Я видела, что ее не институт волнует. Агнесса умела вытягивать из людей их секреты. Но я не собиралась ничем с ней делиться.
– А они ведь с Таськой-то плохо живут, – улыбнулась Агнесса. – Не любит она его, слишком простым для себя считает. И денег он совсем не зарабатывает. Что у нас тут заработаешь! А она стала хорошо получать. Вот он и старается себе и ей заодно доказать, что он парень хоть куда. Ходит направо-налево. Как? Согласна со мной?
Я молчала, хотя мне было очень интересно. Ведь я не знала, почему Ника может мне звонить в любое время. Как так получается, что и в час ночи, и в три, и в пять, и в семь, когда просыпается, он всегда один и спокойно со мной разговаривает. Надо было спросить. Пора было спросить. Но я не могла. Мне казалось – вот сейчас он сам обо всем расскажет, и это все окажется таким простым, понятным, не трагичным – ни для кого.
– Он ее любит, – продолжала Агнесса. – Баб у него было – не пересчитать. Но любит он одну Тасю. Да ты ее видела! Исключительная женщина. Умная, сдержанная, красавица, вот еще и работу такую нашла – всю семью содержит. Что тебе-то он говорит? Обещал что? Или так? Бегаете просто? Ну да, ты ведь одна живешь, что тебе, никаких обязательств…
Я встала и ушла.
– Катерина, вернись! Я не договорила!.. Ну-ну, как знаешь…

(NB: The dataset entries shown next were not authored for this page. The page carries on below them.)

(* Let $(\tilde{\mathscr M},\tilde g_{ab})$ be the unphysical (conformally completed) spacetime of an asymptotically flat spacetime, with conformal factor $\Omega$, and let $\mathscr I^+$ be future null infinity, a null hypersurface with null normal $\tilde n_a=\tilde\nabla_a\Omega|_{\mathscr I^+}$, on which the expansion $\theta=\tilde m^a\bar{\tilde m}^b\tilde\nabla_a\tilde n_b$ and shear $\sigma=\tilde m^a\tilde m^b\tilde\nabla_a\tilde n_b$ vanish. Let $e^a_I$ ($I=0,1,2,3$) be an orthonormal tetrad of $\tilde g_{ab}$ satisfying the gauge fixing that $e_1^a$ is normal to the spacelike cross-sections of $\mathscr I^+$ while $e_2^a,e_3^a$ are tangent to them, with Newman–Penrose frame $\tilde n^a=\tfrac12(e_0^a+e_1^a)$, $\tilde l^a=\tfrac12(e_0^a-e_1^a)$, $\tilde m^a=\tfrac12(e_2^a+ie_3^a)$ on $\mathscr I^+$. Let $\omega_a^{\ IJ}=e^{Ib}\tilde\nabla_a e_b^{\ J}$. Then the pullbacks of these connection one-forms to $\mathscr I^+$ satisfy $$\underset{\Leftarrow}{\omega}^{21}=\underset{\Leftarrow}{\omega}^{20},\qquad \underset{\Leftarrow}{\omega}^{31}=\underset{\Leftarrow}{\omega}^{30}.$$
   Context: $\tilde\nabla$ is the Levi-Civita connection of $\tilde g_{ab}=\Omega^2 g_{ab}$, where $g_{ab}$ is the physical metric; $\Omega$ vanishes on $\mathscr I^+$ with nonvanishing gradient there. Internal indices are raised and lowered with $\eta_{IJ}=\mathrm{diag}(-1,1,1,1)$, and $\tilde g_{ab}=e_a^{\ I}e_b^{\ J}\eta_{IJ}$ with $e_a^{\ I}$ the co-tetrad inverse to $e^a_I$. The symbol $\underset{\Leftarrow}{\cdot}$ denotes pullback to $\mathscr I^+$. *)

theory Defs
  imports "HOL-Analysis.Analysis"
begin

text \<open>Local coordinate model of the unphysical spacetime near future null infinity:
  points are coordinates in an open set U of real^4; abstract (spacetime) indices
  a,b,c,d and internal (tetrad) indices I,J range over the finite type 4
  with elements 0,1,2,3.\<close>

type_synonym pt = "real^4"

definition pd :: "4 \<Rightarrow> (pt \<Rightarrow> real) \<Rightarrow> pt \<Rightarrow> real" where
  "pd a f x = frechet_derivative f (at x) (axis a 1)"

definition smooth_on :: "pt set \<Rightarrow> (pt \<Rightarrow> real) \<Rightarrow> bool" where
  "smooth_on U f \<longleftrightarrow> (\<forall>ds::4 list. \<forall>x\<in>U. (fold pd ds f) differentiable (at x))"

definition eta :: "4 \<Rightarrow> 4 \<Rightarrow> real" where
  "eta I J = (if I = J then (if I = 0 then -1 else 1) else 0)"

text \<open>Inverse metric components g^{ab}, for a metric G x $ a $ b = g_{ab}(x).\<close>
definition ginv :: "(pt \<Rightarrow> real^4^4) \<Rightarrow> pt \<Rightarrow> 4 \<Rightarrow> 4 \<Rightarrow> real" where
  "ginv G x a b = matrix_inv (G x) $ a $ b"

definition christoffel :: "(pt \<Rightarrow> real^4^4) \<Rightarrow> pt \<Rightarrow> 4 \<Rightarrow> 4 \<Rightarrow> 4 \<Rightarrow> real" where
  "christoffel G x c a b = (1/2) * (\<Sum>d\<in>UNIV. ginv G x c d *
      (pd a (\<lambda>y. G y $ d $ b) x + pd b (\<lambda>y. G y $ d $ a) x - pd d (\<lambda>y. G y $ a $ b) x))"
text \<open>Stated for a relation \<open>a Xh = b hX\<close> so that it applies both to \<open>Xh = q hX\<close> and,
  with the roles of the skew-primitives exchanged, to \<open>q Yg = gY\<close>.\<close>

lemma associator_twisted_commutation:
  assumes maj: "majid_algebra mu one co eps phi s alpha beta"
    and graded: "graded_majid deg mu one co eps phi s alpha beta"
    and X: "X \<in> homog deg n" "0 < n" "skew_primitive co one g X" "X \<noteq> (\<lambda>_. 0)"
    and h: "h \<in> grouplikes co" "mulv mu h h = one"
    and norm: "trif phi one h h = 1" "trif phi h one h = 1" "trif phi h h one = 1"
    and twist: "(\<lambda>t. a * mulv mu X h t) = (\<lambda>t. b * mulv mu h X t)"
  shows "b\<^sup>2 * trif phi h h g * trif phi g h h = a\<^sup>2 * trif phi h g h"
proof -
  obtain t where t: "X t \<noteq> 0" using X(4) by auto
  note qa = quasi_assoc_skew_grouplikes[OF maj graded X(1-3) h(1) h(1), where t = t]
  have X_hh: "X t = trif phi g h h * mulv mu (mulv mu X h) h t"
    using qa(1) norm by (simp add: h(2) mulv_one_right[OF maj])
  have h_Xh: "mulv mu h (mulv mu X h) t = trif phi h g h * mulv mu (mulv mu h X) h t"
    using qa(2) norm by simp
  have hh_X: "mulv mu h (mulv mu h X) t = trif phi h h g * X t"
    using qa(3) norm by (simp add: h(2) mulv_one_left[OF maj])
  have twist_left: "a * mulv mu h (mulv mu X h) t = b * mulv mu h (mulv mu h X) t"
    using arg_cong[OF twist, of "\<lambda>v. mulv mu h v t"] by (simp add: mulv_scale_right)
  have twist_right: "a * mulv mu (mulv mu X h) h t = b * mulv mu (mulv mu h X) h t"
    using arg_cong[OF twist, of "\<lambda>v. mulv mu v h t"] by (simp add: mulv_scale_left)
  have "b\<^sup>2 * trif phi h h g * trif phi g h h * X t
      = a * trif phi h g h * (b * mulv mu (mulv mu h X) h t) * trif phi g h h"
    using twist_left h_Xh hh_X by (simp add: power2_eq_square ac_simps)
  also have "\<dots> = a\<^sup>2 * trif phi h g h * X t"
    using twist_right X_hh by (simp add: power2_eq_square ac_simps)
  finally show ?thesis
    using t by simp
qed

Я знала, что Агнесса не простит мне этого, перестанет меня замечать, будет наговаривать Марату, наговаривать, цепляться к тому, как я играю, а он всегда прислушивается к ней, верит в ее вкус и чутье, и что в следующей пьесе мне не достанется хорошая роль. Агнесса такого не пропускает. Если она хочет приблизить к себе кого-то, противиться этому опасно. Ну и пусть. Я не собиралась откровенничать ни с ней, ни с кем-то еще в театре. Могла бы с Вовкой, ему я доверяла, но не хотела делать ему больно, говорить с ним о Нике и моих сомнениях было бы слишком жестоко.
Наталья Иосифовна, с которой мы часто общались, когда было время между репетицией и спектаклем, наших отношений с Никой не касалась, как будто ничего не замечала. А мне заводить разговор первой было неудобно.

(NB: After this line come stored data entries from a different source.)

(* For all real numbers $a,b,c>0$, \[ \frac{(ab+ac+bc)^{2}}{\sqrt{a^{2}+b^{2}+c^{2}}\,\sqrt{a^{2}+b^{2}+c^{2}+3ab+3bc+3ca}} \leq \frac{a^{2}b}{\sqrt{b^{2}+3ac}} + \frac{b^{2}c}{\sqrt{c^{2}+3ab}} + \frac{c^{2}a}{\sqrt{a^{2}+3bc}}. \] *)

theory Defs
  imports Complex_Main
begin

end

theory Submission
  imports Defs
begin

text \<open>With \<open>x = sqrt (b\<^sup>2 + 3ac)\<close>, \<open>y = sqrt (c\<^sup>2 + 3ab)\<close>, \<open>z = sqrt (a\<^sup>2 + 3bc)\<close> the right-hand
  side is \<open>(ab)\<^sup>2/(bx) + (bc)\<^sup>2/(cy) + (ca)\<^sup>2/(az)\<close>, which by the Engel form of Cauchy-Schwarz
  is at least \<open>(ab + bc + ca)\<^sup>2 / (bx + cy + az)\<close>. Since \<open>x\<^sup>2 + y\<^sup>2 + z\<^sup>2 = a\<^sup>2 + b\<^sup>2 + c\<^sup>2 + 3(ab + bc + ca)\<close>,
  Cauchy-Schwarz once more bounds \<open>bx + cy + az\<close> by the denominator on the left.\<close>

lemma Cauchy_Schwarz_ineq3:
  fixes u1 u2 u3 v1 v2 v3 :: real
  shows "u1*v1 + u2*v2 + u3*v3 \<le> sqrt (u1\<^sup>2 + u2\<^sup>2 + u3\<^sup>2) * sqrt (v1\<^sup>2 + v2\<^sup>2 + v3\<^sup>2)"
proof -
  have Lagrange: "(u1\<^sup>2 + u2\<^sup>2 + u3\<^sup>2) * (v1\<^sup>2 + v2\<^sup>2 + v3\<^sup>2) - (u1*v1 + u2*v2 + u3*v3)\<^sup>2
      = (u1*v2 - u2*v1)\<^sup>2 + (u1*v3 - u3*v1)\<^sup>2 + (u2*v3 - u3*v2)\<^sup>2"
    by (simp add: power2_eq_square algebra_simps)
  have "(u1*v1 + u2*v2 + u3*v3)\<^sup>2 \<le> (u1\<^sup>2 + u2\<^sup>2 + u3\<^sup>2) * (v1\<^sup>2 + v2\<^sup>2 + v3\<^sup>2)"
    using Lagrange by (smt (verit) zero_le_power2)
  then show ?thesis
    by (simp add: real_le_rsqrt flip: real_sqrt_mult)
qed

lemma Engel_ineq3:
  fixes u1 u2 u3 w1 w2 w3 :: "'a::linordered_field"
  assumes "w1 > 0" "w2 > 0" "w3 > 0"
  shows "(u1 + u2 + u3)\<^sup>2 / (w1 + w2 + w3) \<le> u1\<^sup>2/w1 + u2\<^sup>2/w2 + u3\<^sup>2/w3"
proof -
  define t1 t2 t3 where "t1 = u1/w1" and "t2 = u2/w2" and "t3 = u3/w3"
  have u: "u1 = t1*w1" "u2 = t2*w2" "u3 = t3*w3"
    using assms by (simp_all add: t1_def t2_def t3_def)
  have Lagrange: "(t1\<^sup>2*w1 + t2\<^sup>2*w2 + t3\<^sup>2*w3) * (w1 + w2 + w3) - (t1*w1 + t2*w2 + t3*w3)\<^sup>2
      = w1*w2*(t1 - t2)\<^sup>2 + w1*w3*(t1 - t3)\<^sup>2 + w2*w3*(t2 - t3)\<^sup>2"
    by (simp add: power2_eq_square algebra_simps)
  have "0 \<le> w1*w2*(t1 - t2)\<^sup>2 + w1*w3*(t1 - t3)\<^sup>2 + w2*w3*(t2 - t3)\<^sup>2"
    using assms by (intro add_nonneg_nonneg mult_nonneg_nonneg) auto
  then have "(t1*w1 + t2*w2 + t3*w3)\<^sup>2 \<le> (t1\<^sup>2*w1 + t2\<^sup>2*w2 + t3\<^sup>2*w3) * (w1 + w2 + w3)"
    using Lagrange by linarith
  then have "(t1*w1 + t2*w2 + t3*w3)\<^sup>2 / (w1 + w2 + w3) \<le> t1\<^sup>2*w1 + t2\<^sup>2*w2 + t3\<^sup>2*w3"
    using assms by (simp add: divide_le_eq)
  then show ?thesis
    using assms by (simp add: u power2_eq_square)
qed

theorem mainTheorem10:
  fixes a b c :: real
  assumes "a > 0" and "b > 0" and "c > 0"
  shows "(a*b + a*c + b*c)^2 / (sqrt (a^2 + b^2 + c^2) * sqrt (a^2 + b^2 + c^2 + 3*a*b + 3*b*c + 3*c*a))
    \<le> a^2*b / sqrt (b^2 + 3*a*c) + b^2*c / sqrt (c^2 + 3*a*b) + c^2*a / sqrt (a^2 + 3*b*c)"
proof -
  define x y z where "x = sqrt (b\<^sup>2 + 3*a*c)" and "y = sqrt (c\<^sup>2 + 3*a*b)" and "z = sqrt (a\<^sup>2 + 3*b*c)"
  have pos: "x > 0" "y > 0" "z > 0"
    using assms by (simp_all add: x_def y_def z_def add_pos_pos)
  have "b*x + c*y + a*z \<le> sqrt (b\<^sup>2 + c\<^sup>2 + a\<^sup>2) * sqrt (x\<^sup>2 + y\<^sup>2 + z\<^sup>2)"
    by (rule Cauchy_Schwarz_ineq3)
  also have "\<dots> = sqrt (a^2 + b^2 + c^2) * sqrt (a^2 + b^2 + c^2 + 3*a*b + 3*b*c + 3*c*a)"
    using assms by (simp add: x_def y_def z_def algebra_simps)
  finally have denominator:
    "b*x + c*y + a*z \<le> sqrt (a^2 + b^2 + c^2) * sqrt (a^2 + b^2 + c^2 + 3*a*b + 3*b*c + 3*c*a)" .
  have weights_pos: "b*x + c*y + a*z > 0"
    using assms pos by (simp add: add_pos_pos)
  have "(a*b + a*c + b*c)^2 / (sqrt (a^2 + b^2 + c^2) * sqrt (a^2 + b^2 + c^2 + 3*a*b + 3*b*c + 3*c*a))
      \<le> (a*b + a*c + b*c)\<^sup>2 / (b*x + c*y + a*z)"
    using denominator weights_pos by (intro frac_le) simp_all
  also have "\<dots> = (a*b + b*c + c*a)\<^sup>2 / (b*x + c*y + a*z)"
    by (simp add: algebra_simps)
  also have "\<dots> \<le> (a*b)\<^sup>2/(b*x) + (b*c)\<^sup>2/(c*y) + (c*a)\<^sup>2/(a*z)"
    using assms pos by (intro Engel_ineq3) simp_all
  also have "\<dots> = a^2*b/x + b^2*c/y + c^2*a/z"
    using assms by (simp add: power2_eq_square)
  finally show ?thesis
    by (simp only: x_def y_def z_def)
qed

end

Я понимала, что спросить должна сама – у Ники, что пора спрашивать, что мне все трудней и трудней становится не думать о завтрашнем дне. Но я не представляла, как это спросить. «Ты любишь свою жену?» Но ведь он постоянно мне говорит о том, что любит меня. «Когда мы поженимся?» Но ведь он женат. «Ты хочешь, чтобы у нас был ребенок?» Но ведь у него есть ребенок, что тогда будет с ним… Его придется бросать?
О своем сыне Ника рассказывал часто и с удовольствием, очевидно предполагая, что мне интересно и приятно слушать. Сначала мне действительно было интересно, но со временем стало как-то странно. Он что, не понимает, что я тоже могу хотеть ребенка? И что как-то не очень хорошо мне знать, что происходит у него в семье…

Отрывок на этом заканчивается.